ICYMI: Policy-research imperative in Nigeria’s development process | The Guardian Nigeria News - Nigeria and World News
The crisis of research-policy nexus is a microcosm of the larger challenge of research dynamics in Nigeria. What we have observed about public administration percolates down from the larger higher education problematic in Nigeria. If research in Nigeria’s higher education sector is not able to feed the policy intelligence and action research needs, it is essentially because Nigeria’s underdevelopment has also happened to her tertiary education and its research component.
The enormous challenge faced by higher education research in Nigeria is that of how to effectively hold the two ends of global significance and local relevance together. It is the challenge of thinking global and acting local. However, this is a high-sounding formula that is not easily realized in a third world educational context like Nigeria. One all-round situation is the dissonance between research methodology, global best practices and local realities. I am speaking about a situation where research methodologies are not cutting edge sufficiently to capture what is wrong and proffer creative solutions.

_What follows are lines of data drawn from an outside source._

(* The equality v^I = u^I rests on a single dynamical fact, the flow property of the
   reflected equation: running the solution from x with alpha up to time r and then the
   solution restarted at Y_r with beta yields the solution driven by the concatenated
   control. Proving it requires the additivity of total variation and of the
   Lebesgue-Stieltjes integrals defining the reflection term. *)

section \<open>Total variation of paths\<close>

fun var_sum :: "(real \<Rightarrow> 'a::real_normed_vector) \<Rightarrow> real list \<Rightarrow> real" where
  "var_sum z (x # y # xs) = norm (z y - z x) + var_sum z (y # xs)"
| "var_sum z _ = 0"

definition partitions :: "real \<Rightarrow> real \<Rightarrow> real list set" where
  "partitions a b = {p. p \<noteq> [] \<and> sorted p \<and> hd p = a \<and> last p = b}"

lemma var_sum_eq_sum: "(\<Sum>i < length p - 1. norm (z (p ! Suc i) - z (p ! i))) = var_sum z p"
proof (induction z p rule: var_sum.induct)
  case (1 z x y xs)
  have "(\<Sum>i < length (x # y # xs) - 1. norm (z ((x # y # xs) ! Suc i) - z ((x # y # xs) ! i)))
      = norm (z y - z x) + (\<Sum>i < length (y # xs) - 1. norm (z ((y # xs) ! Suc i) - z ((y # xs) ! i)))"
    by (simp add: sum.lessThan_Suc_shift del: sum.lessThan_Suc)
  then show ?case using 1 by simp
qed auto

lemma total_variation_partitions:
  "total_variation z a b = (if a \<le> b then (SUP p \<in> partitions a b. var_sum z p) else 0)"
  unfolding total_variation_def partitions_def var_sum_eq_sum by simp
(* Let $1\le r\le n$ and let $p=(p_1,\dots,p_n)$ be a size vector. If $A,B\subseteq S_p$ form a maximal pair of $r$-cross-intersecting families, then each of $A$, $B$ determines the other; in particular $A$ and $B$ have the same set of relevant coordinates. Moreover, if $A$ is the Hamming ball of radius $l$ around $x_0\in S_p$ in a set of coordinates $T\subseteq[n]$, then $|T|\ge l+r$, $B$ is the Hamming ball of radius $|T|-l-r$ around $x_0$ in the coordinates $T$, $p_i\le p_j$ holds for every $i\in T$ and $j\in[n]\setminus T$, and $\big||T|-2l-r\big|\le 1$.
   Context: $[m]=\{1,\dots,m\}$. A size vector is a sequence of integers $p=(p_1,\dots,p_n)$ with $p_i\ge 2$ for all $i$; $S_p=[p_1]\times\cdots\times[p_n]$. Two vectors $x,y\in S_p$ are $r$-intersecting if $|\{i: x_i=y_i\}|\ge r$; families $A,B\subseteq S_p$ are $r$-cross-intersecting if every $x\in A$, $y\in B$ are $r$-intersecting. A pair $(A,B)$ of $r$-cross-intersecting families in $S_p$ is maximal if it maximizes $|A|\cdot|B|$ among all $r$-cross-intersecting pairs in $S_p$. A coordinate $i$ is irrelevant for $A\subseteq S_p$ if whenever two elements of $S_p$ differ only in coordinate $i$ and one lies in $A$, so does the other; otherwise $i$ is relevant for $A$. For $T\subseteq[n]$, $x_0\in S_p$ and $0\le k\le |T|$, the Hamming ball of radius $k$ around $x_0$ in the coordinates $T$ is $\{x\in S_p: |\{i\in T: x_i\ne (x_0)_i\}|\le k\}$. *)

theory Defs
  imports "HOL-Library.FuncSet"
begin

text \<open>Vectors of S_p are functions nat => nat, restricted (PiE) to coordinates 1..n,
  with x i in {1..p i}. The size vector p is a function nat => nat, only its values
  on 1..n matter.\<close>

definition Sp :: "nat \<Rightarrow> (nat \<Rightarrow> nat) \<Rightarrow> (nat \<Rightarrow> nat) set" where
  "Sp n p = PiE {1..n} (\<lambda>i. {1..p i})"

definition size_vector :: "nat \<Rightarrow> (nat \<Rightarrow> nat) \<Rightarrow> bool" where
  "size_vector n p \<longleftrightarrow> (\<forall>i\<in>{1..n}. p i \<ge> 2)"

definition r_intersecting :: "nat \<Rightarrow> nat \<Rightarrow> (nat \<Rightarrow> nat) \<Rightarrow> (nat \<Rightarrow> nat) \<Rightarrow> bool" where
  "r_intersecting n r x y \<longleftrightarrow> card {i\<in>{1..n}. x i = y i} \<ge> r"

definition r_cross_intersecting ::
  "nat \<Rightarrow> nat \<Rightarrow> (nat \<Rightarrow> nat) set \<Rightarrow> (nat \<Rightarrow> nat) set \<Rightarrow> bool" where
  "r_cross_intersecting n r A B \<longleftrightarrow> (\<forall>x\<in>A. \<forall>y\<in>B. r_intersecting n r x y)"

definition maximal_pair ::
  "nat \<Rightarrow> (nat \<Rightarrow> nat) \<Rightarrow> nat \<Rightarrow> (nat \<Rightarrow> nat) set \<Rightarrow> (nat \<Rightarrow> nat) set \<Rightarrow> bool" where
  "maximal_pair n p r A B \<longleftrightarrow>
     A \<subseteq> Sp n p \<and> B \<subseteq> Sp n p \<and> r_cross_intersecting n r A B \<and>
     (\<forall>A' B'. A' \<subseteq> Sp n p \<longrightarrow> B' \<subseteq> Sp n p \<longrightarrow> r_cross_intersecting n r A' B' \<longrightarrow>
        card A' * card B' \<le> card A * card B)"

definition irrelevant_coord ::
  "nat \<Rightarrow> (nat \<Rightarrow> nat) \<Rightarrow> (nat \<Rightarrow> nat) set \<Rightarrow> nat \<Rightarrow> bool" where
  "irrelevant_coord n p A i \<longleftrightarrow>
     (\<forall>x\<in>Sp n p. \<forall>y\<in>Sp n p. (\<forall>j\<in>{1..n}. j \<noteq> i \<longrightarrow> x j = y j) \<longrightarrow> x \<in> A \<longrightarrow> y \<in> A)"

definition relevant_coords ::
  "nat \<Rightarrow> (nat \<Rightarrow> nat) \<Rightarrow> (nat \<Rightarrow> nat) set \<Rightarrow> nat set" where
  "relevant_coords n p A = {i\<in>{1..n}. \<not> irrelevant_coord n p A i}"

definition hamming_ball ::
  "nat \<Rightarrow> (nat \<Rightarrow> nat) \<Rightarrow> nat set \<Rightarrow> (nat \<Rightarrow> nat) \<Rightarrow> nat \<Rightarrow> (nat \<Rightarrow> nat) set" where
  "hamming_ball n p T x0 k = {x\<in>Sp n p. card {i\<in>T. x i \<noteq> x0 i} \<le> k}"

end

theory Submission
  imports Defs Complex_Main
begin

(*
  For a family A let N(A), its cross-neighbourhood, be the set of vectors of S_p that
  r-intersect every member of A.  In a maximal pair (A, B) we have B = N(A) and A = N(B):
  enlarging B to N(A) keeps the pair cross-intersecting, so maximality forces equality.
  Hence each family determines the other, and since N preserves irrelevance of a
  coordinate, A and B have the same relevant coordinates.

  If A is the Hamming ball of radius l in the coordinates T, then N(A) is the concentric
  ball of radius |T| - l - r (empty unless |T| >= l + r).  Any two concentric balls with
  radii l', m' in coordinates T' satisfying l' + m' + r <= |T'| are cross-intersecting, so a
  maximal pair dominates all of them.  Counting gives |ball| = W_T(k) * prod_{j not in T} p_j,
  where the weight W_T(k) sums prod_{i in S} (p_i - 1) over all S subset T with |S| <= k.
  Swapping i in T for j outside T with p_j < p_i enlarges both balls, which yields p_i <= p_j;
  and W_T is strictly log-concave, so radii differing by 2 or more could be moved towards
  each other to enlarge the product, which yields the balance |(|T| - l - r) - l| <= 1.
*)

lemma Sp_finite: "finite (Sp n p)"
  unfolding Sp_def by (simp add: finite_PiE)

lemma r_intersecting_sym: "r_intersecting n r x y = r_intersecting n r y x"
proof -
  have "{i\<in>{1..n}. x i = y i} = {i\<in>{1..n}. y i = x i}" by auto
  thus ?thesis unfolding r_intersecting_def by simp
qed

lemma r_cross_intersecting_sym: "r_cross_intersecting n r A B = r_cross_intersecting n r B A"
  unfolding r_cross_intersecting_def using r_intersecting_sym by blast

text \<open>Every coordinate has at least two values, so each value has a different one in its
  range; this fixed choice lets us build vectors disagreeing with a given one.\<close>

definition other_value :: "nat \<Rightarrow> nat" where
  "other_value v = (if v = 1 then 2 else 1)"

lemma other_value: "v \<in> {1..m} \<Longrightarrow> 2 \<le> m \<Longrightarrow> other_value v \<in> {1..m} \<and> other_value v \<noteq> v"
  by (auto simp: other_value_def)

lemma card_filter_split: "finite T \<Longrightarrow> card {i\<in>T. Q i} + card {i\<in>T. \<not> Q i} = card T"
proof -
  assume "finite T"
  moreover have "{i\<in>T. Q i} \<union> {i\<in>T. \<not> Q i} = T" "{i\<in>T. Q i} \<inter> {i\<in>T. \<not> Q i} = {}" by auto
  ultimately show ?thesis using card_Un_disjoint[of "{i\<in>T. Q i}" "{i\<in>T. \<not> Q i}"] by auto
qed

section \<open>Maximal pairs determine each other\<close>

text \<open>The cross-neighbourhood of A: all vectors that r-intersect every member of A.  It is the
  largest partner of A in an r-cross-intersecting pair.\<close>

definition cross_nbhd :: "nat \<Rightarrow> nat \<Rightarrow> (nat \<Rightarrow> nat) \<Rightarrow> (nat \<Rightarrow> nat) set \<Rightarrow> (nat \<Rightarrow> nat) set" where
  "cross_nbhd n r p A = {y\<in>Sp n p. \<forall>x\<in>A. r_intersecting n r x y}"

lemma maximal_pairD:
  "maximal_pair n p r A B \<Longrightarrow> A' \<subseteq> Sp n p \<Longrightarrow> B' \<subseteq> Sp n p \<Longrightarrow>
   r_cross_intersecting n r A' B' \<Longrightarrow> card A' * card B' \<le> card A * card B"
  unfolding maximal_pair_def by simp

lemma maximal_pair_sym: "maximal_pair n p r A B \<Longrightarrow> maximal_pair n p r B A"
  unfolding maximal_pair_def using r_cross_intersecting_sym by (metis mult.commute)

text \<open>A maximal pair beats the pair of singletons of one vector, so both families are nonempty.\<close>

lemma maximal_pair_card_pos:
  assumes "maximal_pair n p r A B" "size_vector n p" "r \<le> n"
  shows "0 < card A * card B"
proof -
  let ?x = "restrict (\<lambda>i. 1) {1..n}"
  have "?x \<in> Sp n p" using assms(2) unfolding Sp_def size_vector_def by auto
  moreover have "{i\<in>{1..n}. ?x i = ?x i} = {1..n}" by auto
  hence "r_cross_intersecting n r {?x} {?x}"
    using assms(3) unfolding r_cross_intersecting_def r_intersecting_def by simp
  ultimately show ?thesis using maximal_pairD[OF assms(1), of "{?x}" "{?x}"] by simp
qed

lemma maximal_pair_cross_nbhd:
  assumes max: "maximal_pair n p r A B" and "size_vector n p" "r \<le> n"
  shows "B = cross_nbhd n r p A"
proof -
  have sub: "B \<subseteq> cross_nbhd n r p A"
    using max unfolding maximal_pair_def cross_nbhd_def r_cross_intersecting_def by auto
  have "A \<subseteq> Sp n p" "cross_nbhd n r p A \<subseteq> Sp n p"
    using max unfolding cross_nbhd_def maximal_pair_def by auto
  moreover have "r_cross_intersecting n r A (cross_nbhd n r p A)"
    unfolding cross_nbhd_def r_cross_intersecting_def by auto
  ultimately have "card A * card (cross_nbhd n r p A) \<le> card A * card B"
    by (rule maximal_pairD[OF max])
  moreover have "card A > 0" using maximal_pair_card_pos[OF assms] by simp
  ultimately have "card (cross_nbhd n r p A) \<le> card B" by simp
  moreover have "finite (cross_nbhd n r p A)"
    using Sp_finite unfolding cross_nbhd_def by auto
  ultimately show ?thesis using sub by (meson card_seteq)
qed

text \<open>Passing to the cross-neighbourhood preserves irrelevance of a coordinate: if y meets
  every member of A in r places, so does any y' differing from y only at coordinate i,
  because x with coordinate i changed to avoid y i also lies in A.\<close>

lemma irrelevant_coord_cross_nbhd:
  assumes AS: "A \<subseteq> Sp n p" and sv: "size_vector n p" and i: "i \<in> {1..n}"
    and irr: "irrelevant_coord n p A i"
  shows "irrelevant_coord n p (cross_nbhd n r p A) i"
  unfolding irrelevant_coord_def
proof (intro ballI impI)
  fix y y' assume y: "y \<in> Sp n p" and y': "y' \<in> Sp n p"
    and agree: "\<forall>j\<in>{1..n}. j \<noteq> i \<longrightarrow> y j = y' j" and yN: "y \<in> cross_nbhd n r p A"
  show "y' \<in> cross_nbhd n r p A" unfolding cross_nbhd_def
  proof (intro CollectI conjI ballI y')
    fix x assume xA: "x \<in> A"
    define x' where "x' = x(i := other_value (y i))"
    have xS: "x \<in> Sp n p" using xA AS by auto
    have "y i \<in> {1..p i}" using y i unfolding Sp_def by auto
    hence o: "other_value (y i) \<in> {1..p i} \<and> other_value (y i) \<noteq> y i"
      using other_value sv i unfolding size_vector_def by blast
    have x'S: "x' \<in> Sp n p"
      using PiE_fun_upd[of "other_value (y i)" "\<lambda>i. {1..p i}" i x "{1..n}"] xS o i
      unfolding Sp_def x'_def by (simp add: insert_absorb)
    have "x' \<in> A"
      using irr[unfolded irrelevant_coord_def, rule_format, OF xS x'S _ xA] by (simp add: x'_def)
    hence "r \<le> card {j\<in>{1..n}. x' j = y j}"
      using yN unfolding cross_nbhd_def r_intersecting_def by auto
    moreover have "{j\<in>{1..n}. x' j = y j} \<subseteq> {j\<in>{1..n}. x j = y' j}"
      using agree o unfolding x'_def by auto
    hence "card {j\<in>{1..n}. x' j = y j} \<le> card {j\<in>{1..n}. x j = y' j}"
      by (intro card_mono) auto
    ultimately show "r_intersecting n r x y'" unfolding r_intersecting_def by linarith
  qed
qed

lemma maximal_pair_relevant_coords:
  assumes max: "maximal_pair n p r A B" and sv: "size_vector n p" and "r \<le> n"
  shows "relevant_coords n p A = relevant_coords n p B"
proof -
  have BN: "B = cross_nbhd n r p A" and AN: "A = cross_nbhd n r p B"
    using maximal_pair_cross_nbhd maximal_pair_sym assms by blast+
  have "A \<subseteq> Sp n p" "B \<subseteq> Sp n p" using max unfolding maximal_pair_def by auto
  hence "irrelevant_coord n p A i = irrelevant_coord n p B i" if "i \<in> {1..n}" for i
    using irrelevant_coord_cross_nbhd[OF _ sv that] BN AN by metis
  thus ?thesis unfolding relevant_coords_def by auto
qed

The answer lies in between the perception of what government is capable of doing and what the government should really do. Public universities in Nigeria are oriented on the subvention culture: vice chancellors go every month to Abuja to receive their quota of the oil money as their operational subvention. And most of these universities spent these subventions on overheads, rather than in the development of innovative research.
In critically attending to their research portfolio, the universities, through the public-private relationship with the private sectors, push the boundaries of development innovativeness in ways that draw the conscious attention of the government at all levels.